Da quando faccio musica a tempo pieno lotto con la stanchezza e la pigrizia durante il tempo libero, ma dall’anno scorso ho ritrovato un equilibrio e ho deciso di usare tutto il tempo e le energie che ho a disposizione per evolvere e creare. È il mio scopo di vita e niente e nessuno può più soffocare questo istinto. Mi sento serena sotto questo punto di vista poiché sono maturata come persona e come musicista. Suonare da soli per ore ed ore può portare a “fossilizzarsi” oppure a una continua evoluzione. La paura di divenire un esecutore meccanico di piano bar mi ha fatto reagire e andare ancora più a fondo nella mia personalità artistica.
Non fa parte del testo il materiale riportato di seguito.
lemma dlin_eq_d:
  assumes "x \<in> carrier"
  shows "dlin x = d x"
proof -
  have "d x = d (\<Sum>S\<in>Pow {..<n}. ext_scale (x S) (ext_mon S))"
    using ext_carrier_decomp[OF assms] by (rule arg_cong)
  also have "\<dots> = (\<Sum>S\<in>Pow {..<n}. d (ext_scale (x S) (ext_mon S)))"
    by (rule d_sum) (auto intro: ext_vs.subspace_scale[OF subspace_ext_carrier] ext_mon_carrier)
  also have "\<dots> = dlin x"
    unfolding dlin_def by (rule sum.cong) (auto simp: d_scale ext_mon_carrier)
  finally show ?thesis by simp
qed

lemma cohom_dim_eq:
  "cohom_dim n d = ext_vs.dim {x \<in> ext_vs.span (ext_mon ` Pow {..<n}). dlin x = 0}
     - ext_vs.dim (dlin ` ext_vs.span (ext_mon ` Pow {..<n}))"
proof -
  have "{x \<in> carrier. d x = 0} = {x \<in> carrier. dlin x = 0}" "d ` carrier = dlin ` carrier"
    using dlin_eq_d by auto
  then show ?thesis
    unfolding cohom_dim_def rat_vdim_def ext_carrier_eq_span by simp
qed

end

section \<open>Weights and the rank of d\<close>

locale weighted_monomial_sullivan = monomial_sullivan +
  fixes \<nu> :: "nat \<Rightarrow> nat"
  assumes weight_pos: "\<And>i. i < n \<Longrightarrow> \<nu> i \<ge> 1"
    and weight_balanced: "\<And>i. i < n \<Longrightarrow> c i \<noteq> 0 \<Longrightarrow> \<nu> i = (\<Sum>j\<in>J i. \<nu> j)"
begin

definition weight_homogeneous :: "nat \<Rightarrow> ext \<Rightarrow> bool" where
  "weight_homogeneous m x \<longleftrightarrow> (\<forall>S. x S \<noteq> 0 \<longrightarrow> (\<Sum>i\<in>S. \<nu> i) = m)"

lemma weight_homogeneous_add:
  "weight_homogeneous m x \<Longrightarrow> weight_homogeneous m y \<Longrightarrow> weight_homogeneous m (x + y)"
  unfolding weight_homogeneous_def by (metis add.right_neutral plus_fun_apply)

lemma weight_homogeneous_scale: "weight_homogeneous m x \<Longrightarrow> weight_homogeneous m (ext_scale a x)"
  by (auto simp: weight_homogeneous_def ext_scale_def)

lemma weight_homogeneous_ext_mon: "weight_homogeneous (\<Sum>i\<in>S. \<nu> i) (ext_mon S)"
  by (simp add: weight_homogeneous_def ext_mon_def)

lemma weight_homogeneous_ext_mult:
  assumes "weight_homogeneous m1 x" "weight_homogeneous m2 y"
  shows "weight_homogeneous (m1 + m2) (ext_mult x y)"
  unfolding weight_homogeneous_def
proof (intro allI impI)
  fix S assume nz: "ext_mult x y S \<noteq> 0"
  then have "finite S" using ext_mult_infinite by blast
  from nz obtain T where T: "T \<subseteq> S" "x T * y (S - T) * ext_sign T (S - T) \<noteq> 0"
    unfolding ext_mult_def by (meson PowD sum.not_neutral_contains_not_neutral)
  then have "(\<Sum>i\<in>T. \<nu> i) = m1" "(\<Sum>i\<in>S - T. \<nu> i) = m2"
    using assms by (auto simp: weight_homogeneous_def)
  moreover have "(\<Sum>i\<in>S. \<nu> i) = (\<Sum>i\<in>T. \<nu> i) + (\<Sum>i\<in>S - T. \<nu> i)"
    using \<open>finite S\<close> T(1) by (simp add: sum.subset_diff)
  ultimately show "(\<Sum>i\<in>S. \<nu> i) = m1 + m2" by simp
qed

lemma weight_homogeneous_d_ext_gen:
  assumes "i < n"
  shows "weight_homogeneous (\<nu> i) (d (ext_gen i))"
proof (cases "c i = 0")
  case True
  then show ?thesis
    using d_ext_gen[OF assms] by (simp add: ext_scale_def weight_homogeneous_def)
next
  case False
  then show ?thesis
    using d_ext_gen[OF assms] weight_balanced[OF assms False]
      weight_homogeneous_scale[OF weight_homogeneous_ext_mon]
    by simp
qed

lemma weight_homogeneous_d_ext_mon:
  "S \<subseteq> {..<n} \<Longrightarrow> weight_homogeneous (\<Sum>i\<in>S. \<nu> i) (d (ext_mon S))"
proof (induction "card S" arbitrary: S)
  case 0
  then have "finite S" by (meson finite_lessThan finite_subset)
  with 0 have "S = {}" by simp
  then show ?case by (simp add: d_unit weight_homogeneous_def)
next
  case (Suc k)
  then have fin: "finite S" and "S \<noteq> {}" by (auto intro: finite_subset)
  define i where "i = Min S"
  define S' where "S' = S - {i}"
  have i: "i \<in> S" "i \<notin> S'" "\<forall>s\<in>S'. i < s"
    using fin \<open>S \<noteq> {}\<close> by (auto simp: i_def S'_def order.strict_iff_order)
  have S: "S = insert i S'" and S': "S' \<subseteq> {..<n}" "finite S'" "card S' = k"
    using i Suc.prems Suc.hyps(2) fin by (auto simp: S'_def)
  have "d (ext_mon S) = ext_mult (d (ext_gen i)) (ext_mon S')
      + ext_scale ((-1) ^ deg i) (ext_mult (ext_gen i) (d (ext_mon S')))"
    unfolding S ext_mult_gen_mon[OF S'(2) i(3), symmetric] using i(1) Suc.prems
    by (intro d_ext_mult ext_gen_carrier ext_mon_carrier S' ext_gen_homogeneous) auto
  moreover have "weight_homogeneous (\<nu> i + (\<Sum>i\<in>S'. \<nu> i)) (ext_mult (d (ext_gen i)) (ext_mon S'))"
    using i(1) Suc.prems
    by (intro weight_homogeneous_ext_mult weight_homogeneous_d_ext_gen weight_homogeneous_ext_mon)
      auto
  moreover have "weight_homogeneous (\<nu> i + (\<Sum>i\<in>S'. \<nu> i)) (ext_mult (ext_gen i) (d (ext_mon S')))"
    using weight_homogeneous_ext_mult[OF weight_homogeneous_ext_mon[of "{i}"] Suc.hyps(1)[OF S'(3)[symmetric] S'(1)]]
    by (simp add: ext_gen_def)
  ultimately show ?case
    using S i(2) S'(2) by (simp add: weight_homogeneous_add weight_homogeneous_scale)
qed

abbreviation block_index :: "nat \<Rightarrow> bool \<Rightarrow> nat set set" where
  "block_index m p \<equiv> subsets_by_weight {..<n} \<nu> m p"

definition block :: "nat \<Rightarrow> bool \<Rightarrow> ext set" where
  "block m p = ext_mon ` block_index m p"

lemma finite_block: "finite (block m p)"
  by (simp add: block_def finite_subsets_by_weight)

lemma dlin_ext_mon_block:
  assumes "S \<in> block_index m p"
  shows "dlin (ext_mon S) \<in> ext_vs.span (block m (\<not> p))" and "dlin (dlin (ext_mon S)) = 0"
proof -
  have S: "S \<subseteq> {..<n}" using assms by (auto simp: subsets_by_weight_def)
  have d_S: "dlin (ext_mon S) = d (ext_mon S)" "d (ext_mon S) \<in> carrier"
    using dlin_eq_d d_carrier ext_mon_carrier[OF S] by auto
  show "dlin (ext_mon S) \<in> ext_vs.span (block m (\<not> p))"
    unfolding d_S(1) block_def
  proof (rule ext_carrier_in_span_ext_mon[OF d_S(2)])
    show "block_index m (\<not> p) \<subseteq> Pow {..<n}" by (auto simp: subsets_by_weight_def)
    fix T assume T: "d (ext_mon S) T \<noteq> 0"
    then have "T \<subseteq> {..<n}" using d_S(2) by (auto simp: ext_carrier_def)
    moreover have "(\<Sum>i\<in>T. \<nu> i) = (\<Sum>i\<in>S. \<nu> i)"
      using weight_homogeneous_d_ext_mon[OF S] T by (simp add: weight_homogeneous_def)
    moreover have "even (card T) \<longleftrightarrow> odd (card S)" by (rule d_mon_parity[OF S T])
    ultimately show "T \<in> block_index m (\<not> p)" using assms by (auto simp: subsets_by_weight_def)
  qed
  show "dlin (dlin (ext_mon S)) = 0"
    unfolding d_S(1) using dlin_eq_d[OF d_S(2)] d_d[OF ext_mon_carrier[OF S]] by simp
qed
Ho dedicato tutto quanto prendendo questa direzione e ho scoperto che scrivere musica per me è ancora qualcosa di inspiegabile, l’idea, la melodia, le parole, arrivano così, senza premeditazione, e ogni volta sembra l’ultima ispirazione. Se vogliamo è una sorta di sofferenza perché non so mai se ci saranno nuove ispirazioni o se mi bloccherò. parallelamente a ciò mi sono rimboccata le maniche e ho passato giorni al computer cercando di riuscire ad essere il più autosufficiente possibile in fatto di produzione musicale (e da un po’ di tempo anche video e web), ammetto che è molto faticoso perché non possiedo basi adeguate, ma ho risolto problemi e raggiunto risultati che mai avrei pensato di essere capace di raggiungere. Questa mia attitudine si rispecchia un po’ in tutti gli aspetti della mia vita. Sono aperta e non ho paura di esprimermi… certo spesso sento frustrazione e sono triste per l’indifferenza che c’è tutt’intorno, ma non perdo tempo a farmi domande e continuo, perché so che per qualcuno potrebbe avere un senso e perché è il senso della mia vita.

Puoi tracciare l’elemento di continuità tra “Fistful of planets” part I e part II?

La parte 1 è stato l’inizio del viaggio, concretamente, perché sono partita per andare a lavorare in vari luoghi e artisticamente, perché ho creato questa idea della galassia immaginaria e dei pianeti/canzoni di diversi colori. Adoro tutto ciò che è spazio e ignoto, astronomia ed enigmatica sono state tra le mie passioni più spiccate da quando ero bambina. Durante i miei spostamenti ho voluto provare a fissare alcune sensazioni e visioni. Nella “part I” tutto ciò è ancora piuttosto timido, i brani sono brevi e la durata del disco è limitata, proprio perché avevo paura di “rubare troppo tempo” all’ascoltatore e di annoiarlo. Questa paura esiste tuttora, credo non la supererò mai. Ma nella “part II” ho osato di più. Mi sono sentita di raccontare in modo più incisivo questo universo, ho aggiunto elementi come il buco nero e l’esosfera proprio per sensibilizzare l’ascoltatore su come questo viaggio sia adesso più profondo e importante. “Fistful of Planets part II” inizia con un forte legame alla Terra, ad un’epoca passata dove esistevano i grammofoni, le stoffe vellutate, le foto sfumate seppia… e passa velocemente ad uno stato di smarrimento algido in un abisso sconosciuto, con echi di pianeti amici, ma con un inevitabile senso di vuoto e di introspezione che spesso fa paura. Spero davvero di portarvi con me in questo viaggio e di sorprendervi trovandovi diversi alla fine dell’ascolto.

È ipotizzabile una tua proposizione live di “Fistful of planets part II”?

Per ora non saprei. Me lo sono immaginato più volte durante il processo lavorativo, perché mi piacerebbe tantissimo poter portare questa musica dal vivo. Gli arrangiamenti sono articolati e sarebbe impossibile riproporli tali e quali in sede di live, ma le canzoni sono state composte quasi tutte in modo intimo e con l’idea di essere “raccontate”. Io credo che se una canzone ha questo tipo di anima, essa può essere eseguita in diversi modi ma mantiene la sua essenza. Se ci saranno occasioni di live, ho già previsto delle eventuali soluzioni e non mi tirerò indietro, anzi, ne sarei emozionata e contenta!